А был еще такой случай. В 1963 году издательство «Наука» подготовило к печати популярную брошюру А. Монгайта «Археология и современность». На задней стороне обложки должно было быть изображение найденного в Самарре древнего блюда IV тысячелетия до нашей эры (рис. 4, о самом блюде см. выше) с резвящимися в волнах дельфинчиками и летящими птичками. В центре же блюда красовалась большая жирная свастика — одна из самых древних. Хрущёвская цензура распорядилась блюдо оставить — раз уж оно так дорого автору, — но середину свастики вымарать. В результате от свастики осталось четыре бесформенных обрубка, и, если не знать об этой истории, ни за что в голову не придёт, что там некогда было нечто крамольное. А спрашивается — чего боялись? Впрочем, тогда свастику в российских городах рисовали на стенах поменьше, чем теперь.

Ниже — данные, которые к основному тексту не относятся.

lemma image_dist_sq:
  "(cmod (spow x a - spow y a))\<^sup>2 = 4 * r powr a * s powr a * polar_gap a T A"
  "(cmod (spow x a - cnj (spow y a)))\<^sup>2 = 4 * r powr a * s powr a * polar_gap a T B"
proof -
  have pos: "0 < r powr a" "0 < s powr a" using polar_bounds by simp_all
  have ln: "ln (r powr a / s powr a) / 2 = a * T"
    using polar_bounds by (simp add: T_def ln_div ln_powr algebra_simps)
  have spow: "spow x a = of_real (r powr a) * cis (a * \<phi>)"
    "spow y a = of_real (s powr a) * cis (a * \<psi>)"
    "cnj (spow y a) = of_real (s powr a) * cis (- (a * \<psi>))"
    by (simp_all add: spow_def r_def s_def \<phi>_def \<psi>_def cis_cnj)
  have "(a * \<phi> - a * \<psi>) / 2 = a * A" "(a * \<phi> - - (a * \<psi>)) / 2 = a * B"
    by (simp_all add: A_def B_def algebra_simps)
  then show "(cmod (spow x a - spow y a))\<^sup>2 = 4 * r powr a * s powr a * polar_gap a T A"
    "(cmod (spow x a - cnj (spow y a)))\<^sup>2 = 4 * r powr a * s powr a * polar_gap a T B"
    unfolding spow(1,3) unfolding spow(2) cmod_polar_diff_sq[OF pos] ln
    by (simp_all add: polar_gap_def)
qed

lemma polar_gap_diff: "polar_gap a T B - polar_gap a T A = sin (a * \<phi>) * sin (a * \<psi>)"
proof -
  have "a * B + a * A = a * \<phi>" "a * B - a * A = a * \<psi>" by (simp_all add: A_def B_def field_simps)
  then show ?thesis using sin_add_mult_sin_diff[of "a * B" "a * A"] by (simp add: polar_gap_def)
qed

lemma polar_gap_A_less_B: "polar_gap a T A < polar_gap a T B"
proof -
  have "0 < sin (a * \<phi>) * sin (a * \<psi>)" using a_angles by (simp add: sin_gt_zero)
  then show ?thesis using polar_gap_diff by linarith
qed

lemma polar_gap_B_pos: "0 < polar_gap a T B"
  using polar_gap_A_less_B polar_gap_nonneg[of a T A] by linarith

lemma tanh_sq: "th\<^sup>2 * polar_gap a T B = polar_gap a T A" and th_nonneg: "0 \<le> th"
proof -
  define N D where "N = cmod (spow x a - spow y a)" and "D = cmod (spow x a - cnj (spow y a))"
  have RS: "0 < 4 * r powr a * s powr a" using polar_bounds by simp
  have "N\<^sup>2 < D\<^sup>2" "0 < D\<^sup>2"
    using mult_strict_left_mono[OF polar_gap_A_less_B RS] mult_pos_pos[OF RS polar_gap_B_pos]
    by (simp_all only: N_def D_def image_dist_sq)
  then have "0 \<le> N / D" "N / D < 1" by (auto simp: N_def D_def power_less_imp_less_base)
  moreover have "th = tanh (artanh (N / D))"
    by (simp add: th_def rho_S_def rho_H_def a_def N_def D_def)
  ultimately have th: "th = N / D" by (simp add: tanh_artanh_real)
  then show "0 \<le> th" using \<open>0 \<le> N / D\<close> by simp
  have "th\<^sup>2 * D\<^sup>2 = N\<^sup>2" using th \<open>0 < D\<^sup>2\<close> by (simp add: power_divide)
  then have "4 * r powr a * s powr a * (th\<^sup>2 * polar_gap a T B)
      = 4 * r powr a * s powr a * polar_gap a T A"
    by (simp only: N_def D_def image_dist_sq ac_simps)
  then show "th\<^sup>2 * polar_gap a T B = polar_gap a T A" using polar_bounds by simp
qed

lemma dist_sq_le_tanh_sq:
  assumes "c * (polar_gap 1 T A * polar_gap a T B) \<le> b * polar_gap a T A"
  shows "c * L\<^sup>2 \<le> th\<^sup>2 * (4 * r * s * b)"
proof -
  have "c * polar_gap 1 T A * polar_gap a T B \<le> (th\<^sup>2 * b) * polar_gap a T B"
    using assms tanh_sq by (simp add: ac_simps)
  then have "c * polar_gap 1 T A \<le> th\<^sup>2 * b" using polar_gap_B_pos by simp
  then have "4 * r * s * (c * polar_gap 1 T A) \<le> 4 * r * s * (th\<^sup>2 * b)"
    using polar_bounds by (intro mult_left_mono) auto
  then show ?thesis by (simp add: dist_sq ac_simps)
qed

lemma tanh_sq_le_dist_sq:
  assumes "b * polar_gap a T A \<le> K * (polar_gap 1 T A * polar_gap a T B)"
  shows "th\<^sup>2 * (4 * r * s * b) \<le> K * L\<^sup>2"
proof -
  have "(th\<^sup>2 * b) * polar_gap a T B \<le> (K * polar_gap 1 T A) * polar_gap a T B"
    using assms tanh_sq by (simp add: ac_simps)
  then have "th\<^sup>2 * b \<le> K * polar_gap 1 T A" using polar_gap_B_pos by simp
  then have "4 * r * s * (th\<^sup>2 * b) \<le> 4 * r * s * (K * polar_gap 1 T A)"
    using polar_bounds by (intro mult_left_mono) auto
  then show ?thesis by (simp add: dist_sq ac_simps)
qed

lemma m_pos: "0 < m"
  using dG_sector_pos[OF angle_pos angle_less] x_in y_in by (simp add: m_def)

lemma jstar_eq: "jstar (sector \<theta>) x y = L / (L + 2 * m)"
  by (simp add: jstar_def L_def m_def)

lemma mult_jstar_le_tanh:
  assumes "0 \<le> c" "(c * L)\<^sup>2 \<le> th\<^sup>2 * (L + 2 * m)\<^sup>2"
  shows "c * jstar (sector \<theta>) x y \<le> th"
proof -
  have pos: "0 < L + 2 * m" using m_pos by (simp add: L_def add_nonneg_pos)
  have "(c * L)\<^sup>2 \<le> (th * (L + 2 * m))\<^sup>2" using assms(2) by (simp only: power_mult_distrib)
  from power2_le_imp_le[OF this] have "c * L \<le> th * (L + 2 * m)"
    using th_nonneg pos by simp
  then show ?thesis using pos by (simp add: jstar_eq pos_divide_le_eq)
qed

lemma tanh_le_mult_jstar:
  assumes "th\<^sup>2 * (L\<^sup>2 + 4 * (dG (sector \<theta>) x * dG (sector \<theta>) y)) \<le> K * L\<^sup>2"
    and "0 \<le> C" "C\<^sup>2 = 2 * K"
  shows "th \<le> C * jstar (sector \<theta>) x y"
proof -
  have "m * m \<le> dG (sector \<theta>) x * dG (sector \<theta>) y"
    using m_pos by (auto simp: m_def min_def intro: mult_mono)
  then have "th\<^sup>2 * (L\<^sup>2 + 4 * (m * m)) \<le> th\<^sup>2 * (L\<^sup>2 + 4 * (dG (sector \<theta>) x * dG (sector \<theta>) y))"
    by (intro mult_left_mono) auto
  also have "\<dots> \<le> K * L\<^sup>2" by (rule assms(1))
  finally have bound: "th\<^sup>2 * (L\<^sup>2 + 4 * (m * m)) \<le> K * L\<^sup>2" .
  have "(L + 2 * m)\<^sup>2 \<le> 2 * (L\<^sup>2 + 4 * (m * m))"
    using zero_le_power2[of "L - 2 * m"] by (simp add: power2_eq_square algebra_simps)
  then have "th\<^sup>2 * (L + 2 * m)\<^sup>2 \<le> th\<^sup>2 * (2 * (L\<^sup>2 + 4 * (m * m)))"
    by (intro mult_left_mono) auto
  also have "\<dots> = 2 * (th\<^sup>2 * (L\<^sup>2 + 4 * (m * m)))" by (simp only: mult.left_commute)
  also have "\<dots> \<le> 2 * (K * L\<^sup>2)" using bound by linarith
  also have "\<dots> = (C * L)\<^sup>2" using assms(3) by (simp add: power_mult_distrib)
  finally have "(th * (L + 2 * m))\<^sup>2 \<le> (C * L)\<^sup>2" by (simp add: power_mult_distrib)
  from power2_le_imp_le[OF this] have "th * (L + 2 * m) \<le> C * L"
    using assms(2) by (simp add: L_def)
  moreover have "0 < L + 2 * m" using m_pos by (simp add: L_def add_nonneg_pos)
  ultimately show ?thesis by (simp add: jstar_eq pos_le_divide_eq)
qed

end

locale sector_pair_le_pi = sector_pair +
  assumes angle_le_pi: "\<theta> \<le> pi"
begin

lemma a_ge_1: "1 \<le> a"
  using angle_pos angle_le_pi by (simp add: a_def field_simps)

lemma angle_bounds: "\<bar>A\<bar> \<le> B" "\<bar>A\<bar> \<le> \<theta> - B" "a * (B + \<bar>A\<bar>) \<le> pi" "a * (\<theta> - B + \<bar>A\<bar>) \<le> pi"
proof -
  have A: "\<bar>A\<bar> \<le> B" "\<bar>A\<bar> \<le> \<theta> - B" "B + \<bar>A\<bar> \<le> \<theta>" "\<theta> - B + \<bar>A\<bar> \<le> \<theta>"
    using polar_bounds by (auto simp: A_def B_def abs_if field_simps)
  then show "\<bar>A\<bar> \<le> B" "\<bar>A\<bar> \<le> \<theta> - B" by simp_all
  show "a * (B + \<bar>A\<bar>) \<le> pi" "a * (\<theta> - B + \<bar>A\<bar>) \<le> pi"
    using mult_left_mono[OF A(3), of a] mult_left_mono[OF A(4), of a] a_pos a_angle by simp_all
qed

text \<open>Reflection in the bisector of the sector exchanges its two sides; it replaces \<open>Im\<close> by
  \<open>height \<theta>\<close> and \<open>B\<close> by \<open>\<theta> - B\<close>.\<close>
lemma dist_sq_add_Im: "L\<^sup>2 + 4 * (Im x * Im y) = 4 * r * s * polar_gap 1 T B"
  and dist_sq_add_height: "L\<^sup>2 + 4 * (height \<theta> x * height \<theta> y) = 4 * r * s * polar_gap 1 T (\<theta> - B)"
proof -
  have angles: "B + A = \<phi>" "B - A = \<psi>" "\<theta> - B + A = \<theta> - \<psi>" "\<theta> - B - A = \<theta> - \<phi>"
    by (simp_all add: A_def B_def field_simps)
  have "(sin B)\<^sup>2 - (sin A)\<^sup>2 = sin \<phi> * sin \<psi>"
    "(sin (\<theta> - B))\<^sup>2 - (sin A)\<^sup>2 = sin (\<theta> - \<phi>) * sin (\<theta> - \<psi>)"
    using sin_add_mult_sin_diff[of B A] sin_add_mult_sin_diff[of "\<theta> - B" A]
    unfolding angles by (simp_all add: mult.commute)
  moreover have "Im x = r * sin \<phi>" "Im y = s * sin \<psi>"
    "height \<theta> x = r * sin (\<theta> - \<phi>)" "height \<theta> y = s * sin (\<theta> - \<psi>)"
    by (simp_all add: r_def s_def \<phi>_def \<psi>_def Im_arg0 height_polar)
  ultimately show "L\<^sup>2 + 4 * (Im x * Im y) = 4 * r * s * polar_gap 1 T B"
    "L\<^sup>2 + 4 * (height \<theta> x * height \<theta> y) = 4 * r * s * polar_gap 1 T (\<theta> - B)"
    by (simp_all add: dist_sq polar_gap_def algebra_simps)
qed

lemma polar_gap_reflect: "polar_gap a T (\<theta> - B) = polar_gap a T B"
proof -
  have "a * (\<theta> - B) = pi - a * B" using a_angle by (simp add: algebra_simps)
  then show ?thesis by (simp add: polar_gap_def)
qed

lemma dG_bounds:
  "dG (sector \<theta>) x \<le> Im x" "dG (sector \<theta>) x \<le> height \<theta> x"
  "dG (sector \<theta>) y \<le> Im y" "dG (sector \<theta>) y \<le> height \<theta> y"
  "min (min (Im x) (Im y)) (min (height \<theta> x) (height \<theta> y)) \<le> m"
  using dG_sector_le_pi[OF angle_pos angle_le_pi x_in] dG_sector_le_pi[OF angle_pos angle_le_pi y_in]
  by (auto simp: m_def min_le_iff_disj min.bounded_iff)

Как бы то ни было, к эпохе Гёте-Шиллера-Гейне про свастику в Германии забыли, да и термина-то такого не было: немцы до сих пор называют её
Возрождение интереса ко «кресту без распятого» началось с католических миссионеров, которые выпустили тома описаний «демонических» культов народов Индии и Китая, с которыми они всеми силами — и почти безуспешно — пытались бороться. За отцами-иезуитами в Индию и Китай поехали более объективно настроенные люди, отгремели Опиумные войны, Британия колонизировала Индию — и начала наводить в ней «новый порядок». А прежде, чем внести что-либо новое, надо хорошенько изучить всё старое — с каковою целью в Британскую уже Индию направлялись сотни специалистов самого разного профиля — зоологов, геологов, ботаников, лингвистов, этнографов, искусствоведов, архитекторов, религиоведов. Цитаты из их трудов в изобилии представлены у Уилсона, поэтому повторяться опять-таки не будем — для нас пока важно, что году к 1870-му Запад твёрдо усвоил, что свастика есть священный культовый знак буддистов — тогда-то и появились и идея о происхождении её из перекрещенных «огненных палочек», и версия об индийском происхождении свастики — в других-то концах света её надо было искать под землёй, а до этого у археологов ещё руки не дошли.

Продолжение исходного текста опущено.